The sentencing guidelines require the use of one guidelines scoresheet covering all offenses pending before the court for sentencing. Fla.R.Crim.P. 3.701(d)1; Roberson v. State, 555 So.2d 976 (Fla. 1st DCA 1990). A sentence must be imposed for each offense, but the total of the combined sentences cannot exceed the total guideline sentence, unless supported by written departure reasons. Fla.R.Crim.P. 3.701(d)11; Roberson, 555 So.2d at 979. However, after revocation of probation or community control, the trial court may impose sentence in accordance with the original cell, or with the next higher cell, without a written departure reason. Fla. R.Crim.P. 3.701(d)14; Brown v. State, 581 So.2d 936 (Fla. 1st DCA 1991).

In VanKooten v. State, 522 So.2d 830, 831 (Fla. 1988), the supreme court ruled that when so provided by the guidelines cell, either community control or incarceration may be imposed, but not both. Subsequently, in Ewing v. State, 526 So.2d 1029 (Fla. 1st DCA 1988), this court construed the VanKooten proscription as applicable only where the combined sentences exceeded the maximum period of incarceration permitted under the guidelines, reasoning that a departure sentence does not result where the combined sanctions do not exceed the maximum guidelines incarcerative period. Accord Yukanovitz v. State, 547 So.2d 722 (Fla. 1st DCA 1989); Reese v.
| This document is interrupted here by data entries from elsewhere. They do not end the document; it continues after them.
text \<open>Since \<open>\<phi>\<^sub>\<gamma> \<le> \<phi>\<close> with equality at \<open>x\<^sup>\<star>\<close>, the second-order expansion of \<open>\<phi>\<^sub>\<gamma>\<close>
  (zero gradient, positive semidefinite \<open>B x\<^sup>\<star>\<close>) bounds \<open>\<phi>\<close> from below.\<close>

lemma second_order_stationary_if_psd:
  assumes psd: "\<And>v. v \<bullet> (B xstar *v v) \<ge> 0"
  shows "second_order_stationary (\<lambda>y. ereal (f y) + g y) xstar"
proof (rule second_order_stationaryI)
  show "ereal (f xstar) + g xstar = ereal (\<phi>\<gamma> xstar)" by (rule cost_xstar)
  fix e :: real assume e: "e > 0"
  then obtain r where r: "r > 0" "ball xstar r \<subseteq> nbhd" and taylor: "\<And>z h. z \<in> ball xstar r \<Longrightarrow>
      z + h \<in> ball xstar r \<Longrightarrow>
      \<bar>\<phi>\<gamma> (z + h) - \<phi>\<gamma> z - fbe_grad z \<bullet> h - 1/2 * (h \<bullet> (B z *v h))\<bar> \<le> e * (norm h)\<^sup>2"
    by (rule fbe_taylor) blast
  show "\<exists>r>0. \<forall>h. norm h < r \<longrightarrow> ereal (f (xstar + h)) + g (xstar + h) \<ge> ereal (\<phi>\<gamma> xstar - e * (norm h)\<^sup>2)"
  proof (intro exI[of _ r] conjI allI impI r(1))
    fix h :: "real^'n" assume "norm h < r"
    then have "xstar + h \<in> ball xstar r" by (simp add: dist_norm)
    then have "\<bar>\<phi>\<gamma> (xstar + h) - \<phi>\<gamma> xstar - 1/2 * (h \<bullet> (B xstar *v h))\<bar> \<le> e * (norm h)\<^sup>2"
      using taylor[of xstar h] r(1) fbe_grad_xstar by simp
    then have "\<phi>\<gamma> xstar - e * (norm h)\<^sup>2 \<le> \<phi>\<gamma> (xstar + h)" using psd[of h] by linarith
    then have "ereal (\<phi>\<gamma> xstar - e * (norm h)\<^sup>2) \<le> ereal (\<phi>\<gamma> (xstar + h))" by simp
    also have "\<dots> \<le> ereal (f (xstar + h)) + g (xstar + h)" by (rule fbe_le_cost[OF proper \<gamma> prox_set_ne])
    finally show "ereal (f (xstar + h)) + g (xstar + h) \<ge> ereal (\<phi>\<gamma> xstar - e * (norm h)\<^sup>2)" .
  qed
qed

end

lemma ntra_limit_second_order_stationary:
  fixes f :: "real^'n \<Rightarrow> real"
  assumes grad_f: "\<And>x. (f has_derivative (\<lambda>h. G x \<bullet> h)) (at x)"
    and hess_f: "\<And>x. (G has_derivative (\<lambda>h. H x *v h)) (at x)"
    and "proper_fun g" "lsc_fun g" "weakly_convex \<rho> g" and \<rho>: "\<rho> > 0"
    and "0 < \<gamma>" and \<gamma>: "\<gamma> < 1 / \<rho>"
    and "0 < \<delta>0" "0 < \<mu>1" "\<mu>1 < \<mu>2" "\<mu>2 < 1" "0 < c1" "c1 < c2" "c2 < 1" "1 < c3"
    and "ntra_run f G H g \<gamma> \<delta>0 \<mu>1 \<mu>2 c1 c2 c3 x d \<delta> P" "x \<longlonglongrightarrow> xstar"
    and "xstar \<in> prox_set g \<gamma> (xstar - \<gamma> *\<^sub>R G xstar)"
    and U: "\<exists>U H'. open U \<and> xstar \<in> U \<and> continuous_on U H' \<and>
           (\<forall>y\<in>U. (H has_derivative blinfun_apply (H' y)) (at y))"
    and V: "\<exists>V D. open V \<and> xstar - \<gamma> *\<^sub>R G xstar \<in> V \<and> continuous_on V D \<and>
           (\<forall>y\<in>V. (prox g \<gamma> has_derivative blinfun_apply (D y)) (at y))"
    and "0 < \<beta>2"
    and "\<forall>k. lambda_min (ntra_B H \<gamma> (x k) (P k)) < 0 \<longrightarrow>
          ntra_model f G g \<gamma> (x k) (ntra_B H \<gamma> (x k) (P k)) 0
            - ntra_model f G g \<gamma> (x k) (ntra_B H \<gamma> (x k) (P k)) (d k)
          \<ge> \<beta>2 * (- lambda_min (ntra_B H \<gamma> (x k) (P k))) * (\<delta> k)\<^sup>2"
  shows "second_order_stationary (\<lambda>y. ereal (f y) + g y) xstar"
proof -
  obtain U H' V D where
    "open U" "xstar \<in> U" "continuous_on U H'" "\<forall>y\<in>U. (H has_derivative blinfun_apply (H' y)) (at y)"
    "open V" "xstar - \<gamma> *\<^sub>R G xstar \<in> V" "continuous_on V D"
    "\<forall>y\<in>V. (prox g \<gamma> has_derivative blinfun_apply (D y)) (at y)"
    using U V by blast
  moreover have "\<gamma> * \<rho> < 1" using \<rho> \<gamma> by (simp add: less_divide_eq)
  ultimately interpret ntra_converging f G H g \<rho> \<gamma> xstar U H' V D \<delta>0 \<mu>1 \<mu>2 c1 c2 c3 \<beta>2 x d \<delta> P
    using assms by unfold_locales auto
  show ?thesis by (rule second_order_stationary_if_psd[OF fbe_hessian_psd])
qed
State, 535 So.2d 676 (Fla. 5th DCA 1988).

The sentencing guidelines scoresheet used in this case contained a total score of sixty-four points, placing appellant in the recommended sentencing range of any nonstate prison sanction. See Fla.R.Crim.P. 3.988(g). The next higher cell carried a recommended sentencing range of community control or 12-30 months incarceration, with a permitted range of "any nonstate prison sanction or community control or 1-3 1/2 years incarceration." Id. Thus, appellant's sentence of incarceration for 3 1/2 years, to be followed by a 2-year community control sentence, exceeds the maximum permitted guidelines sanction.[1]

Accordingly, the sentences are reversed and remanded for resentencing within the sentencing guidelines range.

ZEHMER and KAHN, JJ., concur.

NOTES

[1] The one-cell increase without written reasons for departure authorized by Florida Rule of Criminal Procedure 3.701(d)14, includes the "permitted" as well as the recommended guidelines range. See Brown v. State, 581 So.2d 936, 937 (Fla. 1st DCA 1991).